• [REQUIRED WORK] List all lines of the data containing the word "else".

• [INPUT FOR THIS TASK]
(* Let $G$ be a strongly connected digraph. The set-valued map $f_{\mathrm{imcor}}$ is closed on $\operatorname{Adj}(G)$: for every $D\in\operatorname{Adj}(G)$ and all sequences $(D_k)$, $(C_k)$ in $\operatorname{Adj}(G)$ with $D_k\to D$, $C_k\to C$ and $C_k\in f_{\mathrm{imcor}}(D_k)$ for all $k$, we have $C\in f_{\mathrm{imcor}}(D)$.
   Context: A digraph $G=(V,E)$, $V=\{v_1,\dots,v_n\}$, $E\subseteq V\times V$; strongly connected means a directed path exists between every ordered pair of distinct vertices. $\operatorname{Adj}(G)$ is the set of $A=(a_{ij})\in\mathbb{R}^{n\times n}_{\geq0}$ with $a_{ij}>0$ iff $(v_i,v_j)\in E$. Imbalance: $\omega(v_i)=\sum_j a_{ji}-\sum_j a_{ij}$. For $A\in\operatorname{Adj}(G)$, $a_i^*=\min\{a_{ik}:k\neq i,\ a_{ik}\neq0\}$ and $J_i^*=\{j\neq i: a_{ij}=a_i^*\}$. $f_{\mathrm{imcor}}(A)$ is the set of $B\in\operatorname{Adj}(G)$ such that for each $i$ there is $j_i^*\in J_i^*$ with $b_{ij}=a_{ij}+\omega(v_i)$ if $\omega(v_i)>0$ and $j=j_i^*$, and $b_{ij}=a_{ij}$ otherwise (imbalances computed w.r.t. $A$). *)

theory Defs
  imports "HOL-Analysis.Analysis"
begin

text \<open>Vertices are the elements of a finite type 'n; a digraph is its edge set
  E :: ('n \<times> 'n) set; weighted adjacency matrices are elements of real^'n^'n
  (entry A$i$j is the weight of the edge from i to j).\<close>

definition strongly_connected :: "('n \<times> 'n) set \<Rightarrow> bool" where
  "strongly_connected E \<longleftrightarrow> (\<forall>u v. u \<noteq> v \<longrightarrow> (u, v) \<in> E\<^sup>+)"

definition Adj :: "('n::finite \<times> 'n) set \<Rightarrow> (real^'n^'n) set" where
  "Adj E = {A. (\<forall>i j. A$i$j \<ge> 0) \<and> (\<forall>i j. A$i$j > 0 \<longleftrightarrow> (i, j) \<in> E)}"

definition imbalance :: "real^'n^'n \<Rightarrow> 'n::finite \<Rightarrow> real" where
  "imbalance A i = (\<Sum>j\<in>UNIV. A$j$i) - (\<Sum>j\<in>UNIV. A$i$j)"

definition astar :: "real^'n^'n \<Rightarrow> 'n::finite \<Rightarrow> real" where
  "astar A i = Min {A$i$k | k. k \<noteq> i \<and> A$i$k \<noteq> 0}"

definition Jstar :: "real^'n^'n \<Rightarrow> 'n::finite \<Rightarrow> 'n set" where
  "Jstar A i = {j. j \<noteq> i \<and> A$i$j = astar A i}"

definition f_imcor :: "('n::finite \<times> 'n) set \<Rightarrow> real^'n^'n \<Rightarrow> (real^'n^'n) set" where
  "f_imcor E A = {B \<in> Adj E. \<forall>i. \<exists>js \<in> Jstar A i. \<forall>j.
      B$i$j = (if imbalance A i > 0 \<and> j = js then A$i$j + imbalance A i else A$i$j)}"

end

theory Submission
  imports Defs
begin

text \<open>By the pigeonhole principle some column js is the target of the correction
  Cs k \<in> f_imcor E (Ds k) for infinitely many k. Minimality of an off-diagonal entry among the
  positive ones is preserved in the limit, because D has the same support as the Ds k; and for a
  fixed target column the corrected row depends continuously on the matrix. Both properties
  therefore pass to C along that subsequence. Strong connectivity only ensures that every row
  has a positive off-diagonal entry, so that the minimum defining astar is over a nonempty set.\<close>

lemma tendsto_closed_frequently:
  assumes "closed S" "(f \<longlongrightarrow> l) F" "\<exists>\<^sub>F x in F. f x \<in> S"
  shows "l \<in> S"
proof (rule ccontr)
  assume "l \<notin> S"
  then have "\<forall>\<^sub>F x in F. f x \<in> - S"
    using assms(1,2) by (intro topological_tendstoD) auto
  with assms(3) show False
    by (simp add: frequently_def)
qed

lemma strongly_connected_out_edge:
  assumes "strongly_connected E" "j \<noteq> i"
  shows "\<exists>w. w \<noteq> i \<and> (i, w) \<in> E"
proof -
  have "(i, j) \<in> E\<^sup>+"
    using assms unfolding strongly_connected_def by auto
  then show ?thesis
    using \<open>j \<noteq> i\<close>
  proof (induction rule: trancl_induct)
    case (step y z)
    then show ?case by (cases "y = i") auto
  qed auto
qed

lemma Adj_nonzero_iff:
  assumes "A \<in> Adj E"
  shows "A$i$j \<noteq> 0 \<longleftrightarrow> (i, j) \<in> E"
proof -
  have "A$i$j \<ge> 0" "A$i$j > 0 \<longleftrightarrow> (i, j) \<in> E"
    using assms unfolding Adj_def by auto
  then show ?thesis by linarith
qed

lemma astar_Adj:
  assumes "A \<in> Adj E"
  shows "astar A i = Min {A$i$k | k. k \<noteq> i \<and> (i, k) \<in> E}"
  unfolding astar_def using Adj_nonzero_iff[OF assms] by simp

lemma Jstar_iff:
  fixes A :: "real^'n^'n::finite"
  assumes A: "A \<in> Adj E" and w: "(i, w) \<in> E" "w \<noteq> i"
  shows "j \<in> Jstar A i \<longleftrightarrow>
    j \<noteq> i \<and> (i, j) \<in> E \<and> (\<forall>m. m \<noteq> i \<and> (i, m) \<in> E \<longrightarrow> A$i$j \<le> A$i$m)"
proof -
  define M where "M = {A$i$k | k. k \<noteq> i \<and> (i, k) \<in> E}"
  have "finite M"
    unfolding M_def by (rule finite_subset[of _ "range (\<lambda>k. A$i$k)"]) auto
  moreover have "M \<noteq> {}"
    unfolding M_def using w by auto
  ultimately have Min: "A$i$j = Min M \<longleftrightarrow> A$i$j \<in> M \<and> (\<forall>a\<in>M. A$i$j \<le> a)"
    by (rule eq_Min_iff)
  have mem: "A$i$j \<in> M \<longleftrightarrow> (i, j) \<in> E" if "j \<noteq> i"
  proof
    assume "A$i$j \<in> M"
    then obtain k where "A$i$j = A$i$k" "(i, k) \<in> E"
      unfolding M_def by blast
    then show "(i, j) \<in> E"
      using Adj_nonzero_iff[OF A] by metis
  qed (use that M_def in blast)
  have "j \<in> Jstar A i \<longleftrightarrow> j \<noteq> i \<and> A$i$j \<in> M \<and> (\<forall>a\<in>M. A$i$j \<le> a)"
    unfolding Jstar_def astar_Adj[OF A] M_def[symmetric] using Min by auto
  moreover have "(\<forall>a\<in>M. A$i$j \<le> a) \<longleftrightarrow> (\<forall>m. m \<noteq> i \<and> (i, m) \<in> E \<longrightarrow> A$i$j \<le> A$i$m)"
    unfolding M_def by blast
  ultimately show ?thesis
    using mem by blast
qed

lemma Jstar_edge:
  assumes "strongly_connected E" "A \<in> Adj E" "j \<in> Jstar A i"
  shows "(i, j) \<in> E"
proof -
  have "j \<noteq> i"
    using assms(3) unfolding Jstar_def by simp
  then obtain w where "w \<noteq> i" "(i, w) \<in> E"
    using strongly_connected_out_edge[OF assms(1)] by blast
  then show ?thesis
    using Jstar_iff[OF assms(2)] assms(3) by blast
qed

lemma Jstar_tendsto:
  assumes "strongly_connected E" "A \<in> Adj E" "\<And>k. As k \<in> Adj E" "As \<longlonglongrightarrow> A"
    and "\<exists>\<^sub>F k in sequentially. j \<in> Jstar (As k) i"
  shows "j \<in> Jstar A i"
proof -
  obtain k0 where j: "j \<in> Jstar (As k0) i"
    using frequently_ex[OF assms(5)] by blast
  then have "j \<noteq> i"
    unfolding Jstar_def by simp
  then obtain w where w: "w \<noteq> i" "(i, w) \<in> E"
    using strongly_connected_out_edge[OF assms(1)] by blast
  have "A$i$j \<le> A$i$m" if "m \<noteq> i" "(i, m) \<in> E" for m
  proof -
    have "(\<lambda>k. As k $i$m - As k $i$j) \<longlonglongrightarrow> A$i$m - A$i$j"
      using assms(4) by (intro tendsto_intros)
    moreover have "\<exists>\<^sub>F k in sequentially. As k $i$m - As k $i$j \<in> {0..}"
      using assms(5) by (rule frequently_elim1) (use Jstar_iff[OF assms(3) w(2,1)] that in auto)
    ultimately have "A$i$m - A$i$j \<in> {0..}"
      by (rule tendsto_closed_frequently[OF closed_atLeast])
    then show ?thesis by simp
  qed
  then show ?thesis
    using Jstar_iff[OF assms(2) w(2,1)] Jstar_edge[OF assms(1,3) j] \<open>j \<noteq> i\<close> by blast
qed

lemma frequently_finite_choice:
  fixes P :: "'a \<Rightarrow> 'b::finite \<Rightarrow> bool"
  assumes "F \<noteq> bot" "\<forall>\<^sub>F x in F. \<exists>y. P x y"
  shows "\<exists>y. \<exists>\<^sub>F x in F. P x y"
  using frequently_bex_finite[of UNIV P F] eventually_frequently[OF assms] by simp

text \<open>Adding the positive part of the imbalance, rather than distinguishing the sign of the
  imbalance as f_imcor does, makes the corrected row continuous in A.\<close>

definition corrected_row :: "real^'n^'n \<Rightarrow> 'n::finite \<Rightarrow> 'n \<Rightarrow> real^'n" where
  "corrected_row A i js = A$i + max 0 (imbalance A i) *\<^sub>R axis js 1"

lemma corrected_row_nth:
  "corrected_row A i js $ j = A$i$j + (if j = js then max 0 (imbalance A i) else 0)"
  unfolding corrected_row_def by (simp add: axis_def)

lemma f_imcor_iff:
  "B \<in> f_imcor E A \<longleftrightarrow> B \<in> Adj E \<and> (\<forall>i. \<exists>js \<in> Jstar A i. B$i = corrected_row A i js)"
proof -
  have "(if imbalance A i > 0 \<and> j = js then A$i$j + imbalance A i else A$i$j)
      = corrected_row A i js $ j" for i js j
    by (simp add: corrected_row_nth)
  then show ?thesis
    unfolding f_imcor_def vec_eq_iff by simp
qed

lemma tendsto_corrected_row:
  assumes "As \<longlonglongrightarrow> A"
  shows "(\<lambda>k. corrected_row (As k) i js) \<longlonglongrightarrow> corrected_row A i js"
  unfolding corrected_row_def imbalance_def using assms by (intro tendsto_intros)

lemma corrected_rows_in_Adj:
  assumes A: "A \<in> Adj E" and rows: "\<And>i. \<exists>js. (i, js) \<in> E \<and> B$i = corrected_row A i js"
  shows "B \<in> Adj E"
proof -
  have "B$i$j \<ge> 0 \<and> (B$i$j > 0 \<longleftrightarrow> (i, j) \<in> E)" for i j
  proof -
    obtain js where js: "(i, js) \<in> E" "B$i = corrected_row A i js"
      using rows by blast
    have "A$i$j \<ge> 0" "A$i$j > 0 \<longleftrightarrow> (i, j) \<in> E"
      using A unfolding Adj_def by auto
    then show ?thesis
      using js by (auto simp: corrected_row_nth)
  qed
  then show ?thesis
    unfolding Adj_def by blast
qed

theorem lemma4p1:
  fixes E :: "('n::finite \<times> 'n) set"
    and D C :: "real^'n^'n"
    and Ds Cs :: "nat \<Rightarrow> real^'n^'n"
  assumes "strongly_connected E"
    and "D \<in> Adj E"
    and "\<And>k. Ds k \<in> Adj E"
    and "\<And>k. Cs k \<in> Adj E"
    and "Ds \<longlonglongrightarrow> D"
    and "Cs \<longlonglongrightarrow> C"
    and "\<And>k. Cs k \<in> f_imcor E (Ds k)"
  shows "C \<in> f_imcor E D"
proof -
  have row: "\<exists>js \<in> Jstar D i. (i, js) \<in> E \<and> C$i = corrected_row D i js" for i
  proof -
    have "\<forall>\<^sub>F k in sequentially. \<exists>js. js \<in> Jstar (Ds k) i \<and> Cs k $ i = corrected_row (Ds k) i js"
      using assms(7) unfolding f_imcor_iff by (intro always_eventually) blast
    from frequently_finite_choice[OF sequentially_bot this] obtain js where js:
      "\<exists>\<^sub>F k in sequentially. js \<in> Jstar (Ds k) i \<and> Cs k $ i = corrected_row (Ds k) i js"
      by blast
    have "js \<in> Jstar D i"
      using js by (intro Jstar_tendsto[OF assms(1-3,5)]) (auto elim: frequently_elim1)
    moreover have "C$i - corrected_row D i js \<in> {0}"
    proof (rule tendsto_closed_frequently[OF closed_singleton])
      show "(\<lambda>k. Cs k $ i - corrected_row (Ds k) i js) \<longlonglongrightarrow> C$i - corrected_row D i js"
        using assms(5,6) by (intro tendsto_intros tendsto_corrected_row)
      show "\<exists>\<^sub>F k in sequentially. Cs k $ i - corrected_row (Ds k) i js \<in> {0}"
        using js by (auto elim: frequently_elim1)
    qed
    ultimately show ?thesis
      using Jstar_edge[OF assms(1,2)] by auto
  qed
  then have "C \<in> Adj E"
    by (intro corrected_rows_in_Adj[OF assms(2)]) blast
  with row show ?thesis
    unfolding f_imcor_iff by blast
qed

end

• [TASK OUTPUT]
      B$i$j = (if imbalance A i > 0 \<and> j = js then A$i$j + imbalance A i else A$i$j)}"
  "corrected_row A i js $ j = A$i$j + (if j = js then max 0 (imbalance A i) else 0)"
  have "(if imbalance A i > 0 \<and> j = js then A$i$j + imbalance A i else A$i$j)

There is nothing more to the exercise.